## WHAT TO DO
Which lines of the entries below hold the word "regret"? Report each of them.

## SOURCE INFORMATION
(* Suppose Assumption A1 and Assumption A2(ii) hold, let $K$ be $(\kappa,\gamma)$-strongly stable, $H=\lceil2\gamma^{-1}\log T\rceil$, and let $\{M_t\}_{t=-H-1}^0$ be arbitrary with $M_t\in\mathcal M$. Let $\{M_t\}_{t=1}^{T-1}$ be given by $M_{t+1}=\Pi_{\mathcal M}(M_t-\eta\nabla_Mf_t(M_t))$ with $\eta=(\sqrt T(\log T)^3)^{-1}$, where $\Pi_{\mathcal M}$ is the Frobenius projection onto $\mathcal M$. Let $D:=\frac{4\kappa_B\kappa^3\sqrt n}{\gamma}$ and $\sigma_w^{[1,4]}:=\max\{\sigma_w,\sigma_w^4\}$. Then for any $C>0$, $T\ge3$ and $M\in\mathcal M$, with probability at least $1-\frac{65640\sigma_w^{[1,4]}n^2G_c^2\kappa_B^6\kappa^{18}}{C\gamma^8(1-\gamma)^4}$, $$\sum_{t=0}^{T-1}F_t(M_{t-1-H},\dots,M_t)-\sum_{t=0}^{T-1}f_t(M)\le\Big(\frac{2\sqrt3G_cC^3}{\sqrt\gamma}+\frac{D^2}2\Big)\sqrt T(\log T)^3+\frac C2\sqrt T\log T.$$
   Context: Linear system $x_{t+1}=Ax_t+Bu_t+w_t$; $n:=\max\{n_x,n_u\}$, $\kappa_B:=\max\{\|B\|,1\}$; $w_s:=0$ for $s<0$. $(\kappa,\gamma)$-strong stability: complex $P,Q$ with $A-BK=QPQ^{-1}$, $\|P\|\le1-\gamma$, $\|K\|,\|Q\|,\|Q^{-1}\|\le\kappa$. $A_K:=A-BK$. Assumption A1: $c_t$ convex, differentiable, $\|\nabla_xc_t(x,u)\|\le G_c\|x\|$, $\|\nabla_uc_t(x,u)\|\le G_c\|u\|$, $G_c\ge1$. Assumption A2(ii): $\mathbb E\|w_t\|^4\le\sigma_w^4$ (which implies $\mathbb E\|w_t\|\le\sigma_w$). For $M=\{M^{[0]},\dots,M^{[H-1]}\}$, $\|M\|_F:=\|[M^{[0]},\dots,M^{[H-1]}]\|_F$; $\mathcal M:=\{M:\|M^{[i]}\|\le2\kappa_B\kappa^3(1-\gamma)^i\}$. Surrogate: $\Psi^{K,h}_{t,i}(M_{t-h:t}):=A_K^i\mathbf 1_{i\le h}+\sum_{j=0}^hA_K^jBM_{t-j}^{[i-j-1]}\mathbf 1_{i-j\in[1,H]}$; $y_t:=\sum_{i=0}^{2H}\Psi^{K,H}_{t-1,i}(M_{t-1-H:t-1})w_{t-1-i}$; $v_t:=-Ky_t+\sum_{i=1}^HM_t^{[i-1]}w_{t-i}$; $F_t(M_{t-1-H:t}):=c_t(y_t,v_t)$; $f_t(M):=F_t(M,\dots,M)$. *)

theory Defs
  imports "HOL-Analysis.Analysis" "HOL-Probability.Probability"
begin

definition opnorm :: "'a::{real_normed_vector,semiring_1} ^'n::finite ^'m::finite \<Rightarrow> real" where
  "opnorm X = onorm (\<lambda>v. X *v v)"

primrec mpow :: "real ^'n::finite ^'n \<Rightarrow> nat \<Rightarrow> real ^'n ^'n" where
  "mpow X 0 = mat 1"
| "mpow X (Suc k) = X ** mpow X k"

definition cmat :: "real ^'n::finite ^'m::finite \<Rightarrow> complex ^'n ^'m" where
  "cmat X = (\<chi> i j. complex_of_real (X $ i $ j))"

definition strongly_stable ::
  "real \<Rightarrow> real \<Rightarrow> real ^'nx::finite ^'nx \<Rightarrow> real ^'nu::finite ^'nx \<Rightarrow> real ^'nx ^'nu \<Rightarrow> bool" where
  "strongly_stable \<kappa> \<gamma> A B K \<longleftrightarrow>
     (\<exists>P Q Qi :: complex ^'nx ^'nx.
        Q ** Qi = mat 1 \<and> Qi ** Q = mat 1 \<and>
        cmat (A - B ** K) = Q ** P ** Qi \<and>
        opnorm P \<le> 1 - \<gamma> \<and> opnorm K \<le> \<kappa> \<and> opnorm Q \<le> \<kappa> \<and> opnorm Qi \<le> \<kappa>)"

definition kappaB :: "real ^'nu::finite ^'nx::finite \<Rightarrow> real" where
  "kappaB B = max (opnorm B) 1"

definition cost_assm :: "real \<Rightarrow> (nat \<Rightarrow> real ^'nx::finite \<Rightarrow> real ^'nu::finite \<Rightarrow> real) \<Rightarrow> bool" where
  "cost_assm Gc c \<longleftrightarrow> Gc \<ge> 1 \<and>
     (\<forall>t. convex_on UNIV (\<lambda>(x,u). c t x u) \<and>
       (\<forall>x u. \<exists>gx gu. ((\<lambda>(x',u'). c t x' u') has_derivative (\<lambda>(dx,du). gx \<bullet> dx + gu \<bullet> du)) (at (x,u))
              \<and> norm gx \<le> Gc * norm x \<and> norm gu \<le> Gc * norm u))"

(* a policy M = {M^[0],...,M^[H-1]} is a function nat => matrix (entries >= H are irrelevant / zero) *)
type_synonym ('nx,'nu) pol = "nat \<Rightarrow> real ^'nx ^'nu"

definition Mset :: "nat \<Rightarrow> real \<Rightarrow> real \<Rightarrow> real \<Rightarrow> ('nx::finite,'nu::finite) pol set" where
  "Mset H kB \<kappa> \<gamma> = {M. (\<forall>i<H. opnorm (M i) \<le> 2 * kB * \<kappa>^3 * (1 - \<gamma>)^i) \<and> (\<forall>i\<ge>H. M i = 0)}"

definition frob :: "nat \<Rightarrow> ('nx::finite,'nu::finite) pol \<Rightarrow> real" where
  "frob H M = sqrt (\<Sum>i<H. \<Sum>r\<in>UNIV. \<Sum>s\<in>UNIV. (M i $ r $ s)^2)"

definition proj :: "nat \<Rightarrow> ('nx::finite,'nu::finite) pol set \<Rightarrow> ('nx,'nu) pol \<Rightarrow> ('nx,'nu) pol" where
  "proj H S X = (SOME P. P \<in> S \<and> (\<forall>Q\<in>S. frob H (\<lambda>i. P i - X i) \<le> frob H (\<lambda>i. Q i - X i)))"

definition wz :: "(nat \<Rightarrow> 'w \<Rightarrow> real ^'nx) \<Rightarrow> 'w \<Rightarrow> int \<Rightarrow> real ^'nx" where
  "wz w \<omega> s = (if s < 0 then 0 else w (nat s) \<omega>)"

(* surrogate transfer matrix Psi^{K,h}_{t,i}(M_{t-h:t}); Ms s = M_s *)
definition Psi :: "real ^'nx::finite ^'nx \<Rightarrow> real ^'nu::finite ^'nx \<Rightarrow> real ^'nx ^'nu \<Rightarrow> nat \<Rightarrow> nat
                   \<Rightarrow> (int \<Rightarrow> ('nx,'nu) pol) \<Rightarrow> int \<Rightarrow> nat \<Rightarrow> real ^'nx ^'nx" where
  "Psi A B K H h Ms t i =
     (if i \<le> h then mpow (A - B ** K) i else 0) +
     (\<Sum>j\<in>{0..h}. if 1 \<le> i - j \<and> i - j \<le> H
                   then mpow (A - B ** K) j ** B ** (Ms (t - int j)) (i - j - 1) else 0)"

definition ysur where
  "ysur A B K H w Ms t \<omega> =
     (\<Sum>i\<in>{0..2*H}. Psi A B K H H Ms (t - 1) i *v wz w \<omega> (t - 1 - int i))"

definition vsur where
  "vsur A B K H w Ms t \<omega> =
     - (K *v ysur A B K H w Ms t \<omega>) + (\<Sum>i\<in>{1..H}. (Ms t) (i - 1) *v wz w \<omega> (t - int i))"

definition Fsur where
  "Fsur A B K H c w Ms t \<omega> = c t (ysur A B K H w Ms (int t) \<omega>) (vsur A B K H w Ms (int t) \<omega>)"

definition fsur where
  "fsur A B K H c w t M \<omega> = Fsur A B K H c w (\<lambda>_. M) t \<omega>"

definition Emat :: "'nu::finite \<Rightarrow> 'nx::finite \<Rightarrow> real ^'nx ^'nu" where
  "Emat r s = (\<chi> a b. if a = r \<and> b = s then 1 else 0)"

definition gradM :: "nat \<Rightarrow> (('nx::finite,'nu::finite) pol \<Rightarrow> real) \<Rightarrow> ('nx,'nu) pol \<Rightarrow> ('nx,'nu) pol" where
  "gradM H g M = (\<lambda>i. if i < H then
       (\<chi> r s. deriv (\<lambda>e. g (\<lambda>k. if k = i then M k + e *\<^sub>R Emat r s else M k)) 0) else 0)"

primrec ogd where
  "ogd A B K H c w \<eta> S M0 0 \<omega> = M0"
| "ogd A B K H c w \<eta> S M0 (Suc t) \<omega> =
     (let Mt = ogd A B K H c w \<eta> S M0 t \<omega>;
          G = gradM H (\<lambda>M. fsur A B K H c w t M \<omega>) Mt
      in proj H S (\<lambda>i. Mt i - \<eta> *\<^sub>R G i))"

definition Mfull where
  "Mfull A B K H c w \<eta> S Minit \<omega> s =
     (if s \<le> 0 then Minit s else ogd A B K H c w \<eta> S (Minit 0) (nat s) \<omega>)"

end

(* Projected gradient descent on the surrogate costs f_t enjoys the usual online-gradient
   regret bound D^2/(2 eta) + eta/2 * sum |grad f_t|^2, because f_t is the convex cost c_t composed
   with an affine function of M.  The actual costs F_t differ from f_t(M_t) by at most a Lipschitz
   constant times the drift of the iterates over the last H+1 steps.  All these quantities are
   controlled by the largest disturbance N_t in a window of length 3H+2: gradients are O(N_t^2),
   and the drift is O(eta N_t^2), plus the diameter of the constraint set during the first H
   steps.  Hence the regret is at most D^2/(2 eta) + eta Lambda sum_{s<T} |w_s|^4 plus a term in
   sum_{s<H} |w_s|^4 balanced by Young's inequality, and Markov's inequality for these two
   fourth-moment sums yields the bound with the stated probability. *)

theory Submission
  imports Defs
begin

section \<open>Operator norm\<close>

lemma opnorm_nonneg: "0 \<le> opnorm (X :: 'a::{euclidean_space,real_algebra_1}^'n::finite^'m::finite)"
  unfolding opnorm_def by (rule onorm_pos_le) simp

lemma norm_mv_le_opnorm:
  "norm (X *v v) \<le> opnorm (X :: 'a::{euclidean_space,real_algebra_1}^'n::finite^'m::finite) * norm v"
  unfolding opnorm_def by (rule onorm) simp

lemma opnorm_leI:
  assumes "0 \<le> b" "\<And>v. norm (X *v v) \<le> b * norm v"
  shows "opnorm (X :: 'a::{euclidean_space,real_algebra_1}^'n::finite^'m::finite) \<le> b"
  unfolding opnorm_def by (rule onorm_bound) (use assms in auto)

lemma opnorm_matrix_mult_le:
  "opnorm ((X :: 'a::{euclidean_space,real_algebra_1}^'n::finite^'m::finite) ** (Y :: 'a^'k::finite^'n))
     \<le> opnorm X * opnorm Y"
proof (rule opnorm_leI)
  show "0 \<le> opnorm X * opnorm Y" by (simp add: opnorm_nonneg)
  fix v
  have "norm ((X ** Y) *v v) = norm (X *v (Y *v v))" by (simp add: matrix_vector_mul_assoc)
  also have "\<dots> \<le> opnorm X * norm (Y *v v)" by (rule norm_mv_le_opnorm)
  also have "\<dots> \<le> opnorm X * (opnorm Y * norm v)"
    by (rule mult_left_mono[OF norm_mv_le_opnorm opnorm_nonneg])
  finally show "norm ((X ** Y) *v v) \<le> opnorm X * opnorm Y * norm v" by (simp add: mult.assoc)
qed

lemma opnorm_add_le:
  "opnorm ((X :: 'a::{euclidean_space,real_algebra_1}^'n::finite^'m::finite) + Y) \<le> opnorm X + opnorm Y"
proof (rule opnorm_leI)
  show "0 \<le> opnorm X + opnorm Y" by (simp add: opnorm_nonneg)
  fix v
  have "norm ((X + Y) *v v) \<le> norm (X *v v) + norm (Y *v v)"
    by (simp add: matrix_vector_mult_add_rdistrib norm_triangle_ineq)
  also have "\<dots> \<le> opnorm X * norm v + opnorm Y * norm v"
    by (intro add_mono norm_mv_le_opnorm)
  finally show "norm ((X + Y) *v v) \<le> (opnorm X + opnorm Y) * norm v" by (simp add: algebra_simps)
qed

lemma opnorm_scaleR_le:
  "opnorm (c *\<^sub>R (X :: 'a::{euclidean_space,real_algebra_1}^'n::finite^'m::finite)) \<le> \<bar>c\<bar> * opnorm X"
proof (rule opnorm_leI)
  show "0 \<le> \<bar>c\<bar> * opnorm X" by (simp add: opnorm_nonneg)
  fix v
  have "(c *\<^sub>R X) *v v = c *\<^sub>R (X *v v)"
    by (simp add: vec_eq_iff matrix_vector_mult_def scaleR_sum_right)
  then have "norm ((c *\<^sub>R X) *v v) = \<bar>c\<bar> * norm (X *v v)" by simp
  also have "\<dots> \<le> \<bar>c\<bar> * (opnorm X * norm v)" by (intro mult_left_mono norm_mv_le_opnorm) auto
  finally show "norm ((c *\<^sub>R X) *v v) \<le> \<bar>c\<bar> * opnorm X * norm v" by (simp add: mult.assoc)
qed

## ANSWER TO THE EXERCISE
   regret bound D^2/(2 eta) + eta/2 * sum |grad f_t|^2, because f_t is the convex cost c_t composed
   steps.  Hence the regret is at most D^2/(2 eta) + eta Lambda sum_{s<T} |w_s|^4 plus a term in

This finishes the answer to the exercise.